### EXERCISE INPUTS
+++++
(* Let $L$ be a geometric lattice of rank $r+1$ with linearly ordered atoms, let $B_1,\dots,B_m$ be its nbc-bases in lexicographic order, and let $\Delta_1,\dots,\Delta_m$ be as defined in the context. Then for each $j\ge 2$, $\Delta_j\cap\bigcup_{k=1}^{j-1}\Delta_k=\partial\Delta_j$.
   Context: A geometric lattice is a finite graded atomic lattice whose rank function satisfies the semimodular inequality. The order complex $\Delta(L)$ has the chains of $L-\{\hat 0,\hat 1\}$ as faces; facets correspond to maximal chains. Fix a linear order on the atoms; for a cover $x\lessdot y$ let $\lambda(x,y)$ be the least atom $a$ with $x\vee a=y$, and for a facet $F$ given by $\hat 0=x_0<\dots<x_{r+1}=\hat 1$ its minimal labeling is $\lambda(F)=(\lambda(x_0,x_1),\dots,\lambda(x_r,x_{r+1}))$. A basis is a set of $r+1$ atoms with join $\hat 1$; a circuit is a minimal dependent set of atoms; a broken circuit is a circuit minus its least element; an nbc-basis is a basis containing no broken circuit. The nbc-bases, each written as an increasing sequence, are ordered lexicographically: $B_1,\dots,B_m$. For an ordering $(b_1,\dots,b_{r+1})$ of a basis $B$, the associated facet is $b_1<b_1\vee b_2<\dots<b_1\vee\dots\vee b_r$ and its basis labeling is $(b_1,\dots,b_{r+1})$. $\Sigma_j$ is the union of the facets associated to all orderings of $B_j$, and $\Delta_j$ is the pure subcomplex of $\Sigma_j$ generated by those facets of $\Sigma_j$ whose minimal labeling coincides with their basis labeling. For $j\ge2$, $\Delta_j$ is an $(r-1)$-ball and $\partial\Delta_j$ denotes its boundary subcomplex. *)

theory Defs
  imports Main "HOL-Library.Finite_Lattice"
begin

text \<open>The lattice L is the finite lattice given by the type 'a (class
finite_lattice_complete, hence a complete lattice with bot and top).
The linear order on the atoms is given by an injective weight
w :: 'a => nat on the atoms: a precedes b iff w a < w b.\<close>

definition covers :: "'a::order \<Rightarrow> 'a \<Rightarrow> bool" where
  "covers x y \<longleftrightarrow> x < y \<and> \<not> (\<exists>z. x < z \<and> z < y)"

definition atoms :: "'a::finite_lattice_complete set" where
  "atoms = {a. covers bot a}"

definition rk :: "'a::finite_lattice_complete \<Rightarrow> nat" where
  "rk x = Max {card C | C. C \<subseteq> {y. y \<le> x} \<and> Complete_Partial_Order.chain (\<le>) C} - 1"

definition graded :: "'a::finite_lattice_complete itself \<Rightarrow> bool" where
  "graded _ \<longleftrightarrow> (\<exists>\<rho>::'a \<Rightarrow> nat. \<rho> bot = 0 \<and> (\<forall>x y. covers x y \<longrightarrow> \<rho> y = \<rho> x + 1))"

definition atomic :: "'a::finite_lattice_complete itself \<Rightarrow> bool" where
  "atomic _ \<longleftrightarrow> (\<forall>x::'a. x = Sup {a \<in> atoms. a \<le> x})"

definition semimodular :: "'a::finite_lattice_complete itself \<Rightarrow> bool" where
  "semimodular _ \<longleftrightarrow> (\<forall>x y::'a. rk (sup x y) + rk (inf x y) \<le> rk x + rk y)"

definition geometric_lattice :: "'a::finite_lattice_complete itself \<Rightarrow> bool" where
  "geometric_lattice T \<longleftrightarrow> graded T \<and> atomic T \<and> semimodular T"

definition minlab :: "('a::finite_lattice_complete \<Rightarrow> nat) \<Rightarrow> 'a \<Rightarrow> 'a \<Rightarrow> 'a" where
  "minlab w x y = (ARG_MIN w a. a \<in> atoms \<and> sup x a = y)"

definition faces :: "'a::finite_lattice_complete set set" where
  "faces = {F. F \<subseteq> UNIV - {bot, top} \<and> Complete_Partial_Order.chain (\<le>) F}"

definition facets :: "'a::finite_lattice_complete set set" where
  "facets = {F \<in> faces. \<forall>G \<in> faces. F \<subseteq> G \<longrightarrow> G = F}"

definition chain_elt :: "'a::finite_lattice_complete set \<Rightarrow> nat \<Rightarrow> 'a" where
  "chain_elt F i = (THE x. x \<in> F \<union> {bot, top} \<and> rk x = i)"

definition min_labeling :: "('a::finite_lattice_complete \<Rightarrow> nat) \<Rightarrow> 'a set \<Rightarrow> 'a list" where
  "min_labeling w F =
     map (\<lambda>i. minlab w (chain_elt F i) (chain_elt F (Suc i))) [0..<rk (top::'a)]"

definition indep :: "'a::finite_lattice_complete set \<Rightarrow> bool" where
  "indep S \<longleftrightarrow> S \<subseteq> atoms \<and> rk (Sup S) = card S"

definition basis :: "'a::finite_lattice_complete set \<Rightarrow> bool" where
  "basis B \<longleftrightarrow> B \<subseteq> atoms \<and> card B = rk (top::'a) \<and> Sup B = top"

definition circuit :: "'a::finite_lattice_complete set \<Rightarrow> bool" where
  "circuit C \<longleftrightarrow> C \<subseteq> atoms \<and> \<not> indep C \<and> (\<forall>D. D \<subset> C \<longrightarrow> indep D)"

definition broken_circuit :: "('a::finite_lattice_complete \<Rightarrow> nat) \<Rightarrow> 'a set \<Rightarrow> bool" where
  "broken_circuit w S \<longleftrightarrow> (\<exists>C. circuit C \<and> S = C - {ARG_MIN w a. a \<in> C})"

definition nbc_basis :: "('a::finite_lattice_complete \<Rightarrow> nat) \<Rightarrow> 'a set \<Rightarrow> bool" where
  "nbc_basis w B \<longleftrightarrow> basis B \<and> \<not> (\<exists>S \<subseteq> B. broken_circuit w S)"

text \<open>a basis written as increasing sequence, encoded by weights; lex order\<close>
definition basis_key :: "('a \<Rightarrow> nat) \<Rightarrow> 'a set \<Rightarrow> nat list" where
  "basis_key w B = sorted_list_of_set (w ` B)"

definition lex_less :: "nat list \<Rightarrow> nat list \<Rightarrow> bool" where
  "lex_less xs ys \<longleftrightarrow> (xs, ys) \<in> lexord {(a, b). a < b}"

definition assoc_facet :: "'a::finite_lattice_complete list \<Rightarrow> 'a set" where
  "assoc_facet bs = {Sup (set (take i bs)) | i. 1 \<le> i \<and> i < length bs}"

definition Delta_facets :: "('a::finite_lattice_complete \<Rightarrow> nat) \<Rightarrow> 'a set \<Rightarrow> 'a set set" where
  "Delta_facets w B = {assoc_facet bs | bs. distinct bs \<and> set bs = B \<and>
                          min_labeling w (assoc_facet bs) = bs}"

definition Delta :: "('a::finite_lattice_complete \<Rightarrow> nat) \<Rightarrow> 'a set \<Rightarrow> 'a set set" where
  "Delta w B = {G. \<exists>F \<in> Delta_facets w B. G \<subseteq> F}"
+++++
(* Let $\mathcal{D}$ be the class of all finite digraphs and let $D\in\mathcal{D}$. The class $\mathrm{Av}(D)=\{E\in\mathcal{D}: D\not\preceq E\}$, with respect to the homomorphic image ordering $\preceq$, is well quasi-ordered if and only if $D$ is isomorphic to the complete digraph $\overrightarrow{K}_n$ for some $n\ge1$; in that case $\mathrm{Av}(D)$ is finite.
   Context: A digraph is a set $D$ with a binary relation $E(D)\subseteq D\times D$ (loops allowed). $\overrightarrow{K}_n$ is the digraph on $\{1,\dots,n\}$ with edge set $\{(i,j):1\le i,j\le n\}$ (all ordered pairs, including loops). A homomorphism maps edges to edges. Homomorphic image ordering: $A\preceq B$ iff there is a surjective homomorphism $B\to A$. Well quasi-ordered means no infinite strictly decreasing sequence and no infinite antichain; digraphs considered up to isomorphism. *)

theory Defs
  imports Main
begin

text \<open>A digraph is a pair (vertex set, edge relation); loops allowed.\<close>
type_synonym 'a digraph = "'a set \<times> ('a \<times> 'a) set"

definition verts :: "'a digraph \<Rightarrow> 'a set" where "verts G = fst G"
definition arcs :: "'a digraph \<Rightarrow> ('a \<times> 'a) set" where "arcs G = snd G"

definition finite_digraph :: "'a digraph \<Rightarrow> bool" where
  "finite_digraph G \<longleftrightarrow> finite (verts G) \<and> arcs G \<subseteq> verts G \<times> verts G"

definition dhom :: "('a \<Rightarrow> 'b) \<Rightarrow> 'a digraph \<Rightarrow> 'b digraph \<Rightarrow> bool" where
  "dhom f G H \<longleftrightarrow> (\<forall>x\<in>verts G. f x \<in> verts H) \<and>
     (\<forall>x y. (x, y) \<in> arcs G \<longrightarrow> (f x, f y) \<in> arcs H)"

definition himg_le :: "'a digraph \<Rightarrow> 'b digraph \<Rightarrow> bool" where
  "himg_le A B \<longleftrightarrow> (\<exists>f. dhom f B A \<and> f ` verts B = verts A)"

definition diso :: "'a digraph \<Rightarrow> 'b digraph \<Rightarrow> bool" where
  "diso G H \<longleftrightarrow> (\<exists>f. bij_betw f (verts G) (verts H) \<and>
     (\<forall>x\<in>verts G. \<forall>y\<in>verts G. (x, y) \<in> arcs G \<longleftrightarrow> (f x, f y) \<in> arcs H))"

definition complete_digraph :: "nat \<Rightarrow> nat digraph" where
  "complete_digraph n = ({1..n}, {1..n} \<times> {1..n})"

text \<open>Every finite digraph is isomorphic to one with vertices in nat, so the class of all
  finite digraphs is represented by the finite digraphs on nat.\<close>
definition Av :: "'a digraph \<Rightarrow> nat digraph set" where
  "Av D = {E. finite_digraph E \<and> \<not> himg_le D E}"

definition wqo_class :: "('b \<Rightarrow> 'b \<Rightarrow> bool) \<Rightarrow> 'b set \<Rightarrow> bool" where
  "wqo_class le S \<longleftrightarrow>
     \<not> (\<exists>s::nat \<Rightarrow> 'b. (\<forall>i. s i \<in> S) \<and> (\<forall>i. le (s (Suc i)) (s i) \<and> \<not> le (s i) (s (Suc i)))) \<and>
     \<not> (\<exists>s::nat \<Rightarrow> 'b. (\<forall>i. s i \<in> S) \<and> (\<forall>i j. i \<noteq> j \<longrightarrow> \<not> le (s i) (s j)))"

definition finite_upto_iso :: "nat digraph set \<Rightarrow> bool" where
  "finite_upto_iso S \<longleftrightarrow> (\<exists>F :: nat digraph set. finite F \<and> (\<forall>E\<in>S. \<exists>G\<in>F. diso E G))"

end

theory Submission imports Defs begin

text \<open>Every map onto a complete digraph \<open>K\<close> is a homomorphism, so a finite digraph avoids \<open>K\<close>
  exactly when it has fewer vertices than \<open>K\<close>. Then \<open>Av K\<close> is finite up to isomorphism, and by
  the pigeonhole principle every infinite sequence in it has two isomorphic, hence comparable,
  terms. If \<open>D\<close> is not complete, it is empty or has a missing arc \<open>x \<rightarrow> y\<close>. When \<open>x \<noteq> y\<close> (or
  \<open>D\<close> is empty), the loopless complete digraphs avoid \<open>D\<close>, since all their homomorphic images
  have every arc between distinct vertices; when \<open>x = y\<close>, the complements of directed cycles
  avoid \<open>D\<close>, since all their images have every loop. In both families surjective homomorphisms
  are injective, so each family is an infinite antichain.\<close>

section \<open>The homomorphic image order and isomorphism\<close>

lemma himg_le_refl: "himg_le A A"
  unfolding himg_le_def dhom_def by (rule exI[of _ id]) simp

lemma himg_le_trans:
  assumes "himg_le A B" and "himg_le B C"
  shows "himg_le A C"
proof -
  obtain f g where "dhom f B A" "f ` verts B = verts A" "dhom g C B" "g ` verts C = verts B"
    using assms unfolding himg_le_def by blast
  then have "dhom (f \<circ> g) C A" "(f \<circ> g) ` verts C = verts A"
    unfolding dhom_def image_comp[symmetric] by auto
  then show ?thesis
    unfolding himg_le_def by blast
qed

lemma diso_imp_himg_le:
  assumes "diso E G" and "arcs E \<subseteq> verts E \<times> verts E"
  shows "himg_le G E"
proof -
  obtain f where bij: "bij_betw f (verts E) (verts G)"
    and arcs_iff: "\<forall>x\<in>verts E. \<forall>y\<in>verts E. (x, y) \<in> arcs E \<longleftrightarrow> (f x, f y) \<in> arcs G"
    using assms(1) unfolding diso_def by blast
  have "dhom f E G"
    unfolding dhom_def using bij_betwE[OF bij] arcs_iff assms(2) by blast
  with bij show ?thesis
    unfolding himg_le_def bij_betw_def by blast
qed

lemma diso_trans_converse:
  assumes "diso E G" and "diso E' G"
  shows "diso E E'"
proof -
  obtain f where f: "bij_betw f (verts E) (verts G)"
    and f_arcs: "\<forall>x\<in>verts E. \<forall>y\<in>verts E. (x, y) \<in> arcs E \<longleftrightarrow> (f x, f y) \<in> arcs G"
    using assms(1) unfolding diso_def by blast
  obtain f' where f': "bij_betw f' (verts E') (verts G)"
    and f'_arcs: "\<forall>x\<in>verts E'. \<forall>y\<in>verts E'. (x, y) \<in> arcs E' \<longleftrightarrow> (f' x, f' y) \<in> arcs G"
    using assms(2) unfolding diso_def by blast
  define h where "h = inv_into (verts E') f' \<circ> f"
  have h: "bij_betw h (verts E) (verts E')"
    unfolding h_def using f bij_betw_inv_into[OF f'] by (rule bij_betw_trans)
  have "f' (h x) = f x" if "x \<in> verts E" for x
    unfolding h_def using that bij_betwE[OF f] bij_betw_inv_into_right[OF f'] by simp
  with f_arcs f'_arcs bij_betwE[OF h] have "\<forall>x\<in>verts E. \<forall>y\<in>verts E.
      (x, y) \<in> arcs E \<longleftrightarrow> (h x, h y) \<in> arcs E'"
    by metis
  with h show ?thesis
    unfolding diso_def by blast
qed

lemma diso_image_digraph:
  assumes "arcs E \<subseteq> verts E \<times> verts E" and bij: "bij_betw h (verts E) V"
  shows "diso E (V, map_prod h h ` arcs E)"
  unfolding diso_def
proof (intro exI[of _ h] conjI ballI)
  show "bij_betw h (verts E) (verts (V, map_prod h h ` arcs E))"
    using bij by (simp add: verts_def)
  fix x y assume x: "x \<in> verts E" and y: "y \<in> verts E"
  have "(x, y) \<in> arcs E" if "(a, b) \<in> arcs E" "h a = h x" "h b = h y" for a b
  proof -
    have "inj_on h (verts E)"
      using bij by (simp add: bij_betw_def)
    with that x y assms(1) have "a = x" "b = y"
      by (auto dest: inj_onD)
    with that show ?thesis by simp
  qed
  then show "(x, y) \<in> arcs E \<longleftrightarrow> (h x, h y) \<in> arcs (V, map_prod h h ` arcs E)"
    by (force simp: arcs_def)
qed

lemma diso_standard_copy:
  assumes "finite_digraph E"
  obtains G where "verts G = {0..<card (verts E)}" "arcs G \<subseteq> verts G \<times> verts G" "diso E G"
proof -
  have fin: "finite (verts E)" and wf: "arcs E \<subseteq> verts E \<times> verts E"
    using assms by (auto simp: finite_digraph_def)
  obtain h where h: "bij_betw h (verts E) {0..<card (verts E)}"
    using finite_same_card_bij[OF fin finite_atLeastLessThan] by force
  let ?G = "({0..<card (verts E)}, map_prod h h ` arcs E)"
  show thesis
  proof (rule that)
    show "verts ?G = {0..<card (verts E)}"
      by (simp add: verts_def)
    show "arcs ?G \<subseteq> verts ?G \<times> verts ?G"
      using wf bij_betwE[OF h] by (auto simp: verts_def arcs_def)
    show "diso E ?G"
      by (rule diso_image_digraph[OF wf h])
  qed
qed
+++++
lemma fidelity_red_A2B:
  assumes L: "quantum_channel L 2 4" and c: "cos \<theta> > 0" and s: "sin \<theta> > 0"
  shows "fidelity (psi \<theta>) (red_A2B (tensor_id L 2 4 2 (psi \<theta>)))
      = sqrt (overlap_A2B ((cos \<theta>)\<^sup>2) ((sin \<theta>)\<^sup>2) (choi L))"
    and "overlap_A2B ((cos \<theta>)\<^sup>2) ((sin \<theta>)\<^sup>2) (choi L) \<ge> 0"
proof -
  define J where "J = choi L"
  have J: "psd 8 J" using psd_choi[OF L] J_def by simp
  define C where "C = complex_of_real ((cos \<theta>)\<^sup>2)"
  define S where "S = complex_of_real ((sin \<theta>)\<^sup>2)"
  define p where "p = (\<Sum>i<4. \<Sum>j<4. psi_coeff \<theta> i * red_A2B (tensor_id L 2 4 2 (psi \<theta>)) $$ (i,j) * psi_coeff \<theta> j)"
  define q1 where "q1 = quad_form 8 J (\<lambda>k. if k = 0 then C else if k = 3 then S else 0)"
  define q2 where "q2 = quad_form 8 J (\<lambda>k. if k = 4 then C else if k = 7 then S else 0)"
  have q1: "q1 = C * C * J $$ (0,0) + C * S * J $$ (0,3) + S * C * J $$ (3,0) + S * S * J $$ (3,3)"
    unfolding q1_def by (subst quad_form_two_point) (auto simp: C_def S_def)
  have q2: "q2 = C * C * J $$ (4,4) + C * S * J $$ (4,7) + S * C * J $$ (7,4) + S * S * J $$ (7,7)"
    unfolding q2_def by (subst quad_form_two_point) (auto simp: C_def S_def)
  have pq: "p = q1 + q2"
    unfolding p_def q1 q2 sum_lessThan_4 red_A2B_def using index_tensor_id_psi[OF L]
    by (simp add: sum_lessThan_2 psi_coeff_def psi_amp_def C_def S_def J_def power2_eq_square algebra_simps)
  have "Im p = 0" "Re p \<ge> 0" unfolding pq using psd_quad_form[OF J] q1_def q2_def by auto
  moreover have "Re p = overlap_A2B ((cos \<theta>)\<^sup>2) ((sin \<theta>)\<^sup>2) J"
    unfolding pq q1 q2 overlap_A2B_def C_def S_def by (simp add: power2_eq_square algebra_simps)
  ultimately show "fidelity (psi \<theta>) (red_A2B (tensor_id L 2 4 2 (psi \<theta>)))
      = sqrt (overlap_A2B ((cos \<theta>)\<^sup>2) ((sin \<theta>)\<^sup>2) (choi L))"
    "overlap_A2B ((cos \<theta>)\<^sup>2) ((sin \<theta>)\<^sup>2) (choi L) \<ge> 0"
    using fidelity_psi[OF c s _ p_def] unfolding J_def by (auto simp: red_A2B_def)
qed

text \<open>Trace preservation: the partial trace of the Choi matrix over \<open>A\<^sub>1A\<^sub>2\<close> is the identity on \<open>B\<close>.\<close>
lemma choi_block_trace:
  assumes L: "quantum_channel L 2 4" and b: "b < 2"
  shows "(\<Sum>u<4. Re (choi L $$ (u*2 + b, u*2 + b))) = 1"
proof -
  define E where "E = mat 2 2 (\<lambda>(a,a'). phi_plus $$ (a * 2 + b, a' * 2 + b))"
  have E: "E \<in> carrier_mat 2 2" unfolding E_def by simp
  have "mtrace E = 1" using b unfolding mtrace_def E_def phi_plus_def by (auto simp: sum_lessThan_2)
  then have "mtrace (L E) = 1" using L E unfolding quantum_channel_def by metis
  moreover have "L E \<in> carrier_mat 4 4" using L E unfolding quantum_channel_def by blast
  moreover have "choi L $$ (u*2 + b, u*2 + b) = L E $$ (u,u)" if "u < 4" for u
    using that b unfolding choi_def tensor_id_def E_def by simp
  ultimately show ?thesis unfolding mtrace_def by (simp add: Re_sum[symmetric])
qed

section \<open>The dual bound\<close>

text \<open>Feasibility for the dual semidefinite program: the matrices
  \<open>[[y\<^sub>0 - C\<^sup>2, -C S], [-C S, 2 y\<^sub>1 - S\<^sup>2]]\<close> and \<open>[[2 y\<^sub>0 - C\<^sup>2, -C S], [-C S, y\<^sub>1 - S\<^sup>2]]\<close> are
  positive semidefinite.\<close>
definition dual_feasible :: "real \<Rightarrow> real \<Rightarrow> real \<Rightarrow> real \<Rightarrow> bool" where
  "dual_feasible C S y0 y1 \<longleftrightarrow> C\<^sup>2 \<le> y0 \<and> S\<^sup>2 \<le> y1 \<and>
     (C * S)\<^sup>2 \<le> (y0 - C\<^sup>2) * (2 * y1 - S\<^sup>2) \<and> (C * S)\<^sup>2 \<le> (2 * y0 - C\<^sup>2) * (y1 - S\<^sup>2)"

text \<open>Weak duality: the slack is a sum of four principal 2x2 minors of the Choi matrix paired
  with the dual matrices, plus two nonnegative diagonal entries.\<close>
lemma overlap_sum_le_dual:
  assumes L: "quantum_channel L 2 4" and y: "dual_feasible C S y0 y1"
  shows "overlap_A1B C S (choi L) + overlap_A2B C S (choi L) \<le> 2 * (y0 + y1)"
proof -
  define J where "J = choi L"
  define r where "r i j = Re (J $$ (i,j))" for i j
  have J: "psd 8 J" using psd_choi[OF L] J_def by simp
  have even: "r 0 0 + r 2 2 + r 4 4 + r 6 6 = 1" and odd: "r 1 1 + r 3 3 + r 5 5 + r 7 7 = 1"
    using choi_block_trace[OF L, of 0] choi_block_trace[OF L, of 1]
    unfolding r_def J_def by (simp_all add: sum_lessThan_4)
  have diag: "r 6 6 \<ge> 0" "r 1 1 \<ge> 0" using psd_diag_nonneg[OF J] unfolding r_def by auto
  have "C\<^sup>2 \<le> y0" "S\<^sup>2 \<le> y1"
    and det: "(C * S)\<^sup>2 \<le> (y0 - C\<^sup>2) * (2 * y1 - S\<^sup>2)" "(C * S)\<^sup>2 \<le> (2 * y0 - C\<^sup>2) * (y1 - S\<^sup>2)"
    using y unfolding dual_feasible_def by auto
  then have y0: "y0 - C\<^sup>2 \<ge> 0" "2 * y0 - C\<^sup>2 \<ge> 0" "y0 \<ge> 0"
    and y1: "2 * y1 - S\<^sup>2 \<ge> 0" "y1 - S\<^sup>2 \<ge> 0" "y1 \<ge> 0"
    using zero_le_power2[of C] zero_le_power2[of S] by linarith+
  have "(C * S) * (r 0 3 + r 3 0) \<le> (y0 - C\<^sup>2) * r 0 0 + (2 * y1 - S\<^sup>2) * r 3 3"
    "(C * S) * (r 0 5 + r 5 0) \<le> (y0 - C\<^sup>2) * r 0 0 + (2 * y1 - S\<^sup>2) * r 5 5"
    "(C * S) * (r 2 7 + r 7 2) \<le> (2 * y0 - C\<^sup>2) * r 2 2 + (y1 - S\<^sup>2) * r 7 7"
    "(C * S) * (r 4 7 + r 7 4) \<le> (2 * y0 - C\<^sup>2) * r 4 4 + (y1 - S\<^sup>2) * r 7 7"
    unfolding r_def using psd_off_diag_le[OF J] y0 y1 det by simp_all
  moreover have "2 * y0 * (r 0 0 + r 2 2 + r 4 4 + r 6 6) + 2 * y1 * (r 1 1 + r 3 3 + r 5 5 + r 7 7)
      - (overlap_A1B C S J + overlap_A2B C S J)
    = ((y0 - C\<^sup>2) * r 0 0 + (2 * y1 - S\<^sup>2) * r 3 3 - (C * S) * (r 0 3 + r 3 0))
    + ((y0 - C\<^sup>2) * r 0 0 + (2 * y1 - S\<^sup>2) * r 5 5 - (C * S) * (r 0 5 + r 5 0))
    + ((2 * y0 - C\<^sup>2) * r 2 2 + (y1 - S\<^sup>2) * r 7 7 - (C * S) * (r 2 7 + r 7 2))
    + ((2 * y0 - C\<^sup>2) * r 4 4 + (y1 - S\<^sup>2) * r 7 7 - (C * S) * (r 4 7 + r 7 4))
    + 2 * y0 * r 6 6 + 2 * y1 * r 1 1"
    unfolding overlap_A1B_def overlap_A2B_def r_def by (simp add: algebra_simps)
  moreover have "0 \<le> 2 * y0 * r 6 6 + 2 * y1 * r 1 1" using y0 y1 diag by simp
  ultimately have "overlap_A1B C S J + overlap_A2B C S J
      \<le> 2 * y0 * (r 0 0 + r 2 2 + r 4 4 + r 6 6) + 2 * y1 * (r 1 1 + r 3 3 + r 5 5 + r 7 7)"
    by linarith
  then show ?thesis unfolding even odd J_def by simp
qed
+++++
### TRY IT
From the listing above, copy every line that includes the word "empty".

### COMPLETED EXERCISE
  terms. If \<open>D\<close> is not complete, it is empty or has a missing arc \<open>x \<rightarrow> y\<close>. When \<open>x \<noteq> y\<close> (or
  \<open>D\<close> is empty), the loopless complete digraphs avoid \<open>D\<close>, since all their homomorphic images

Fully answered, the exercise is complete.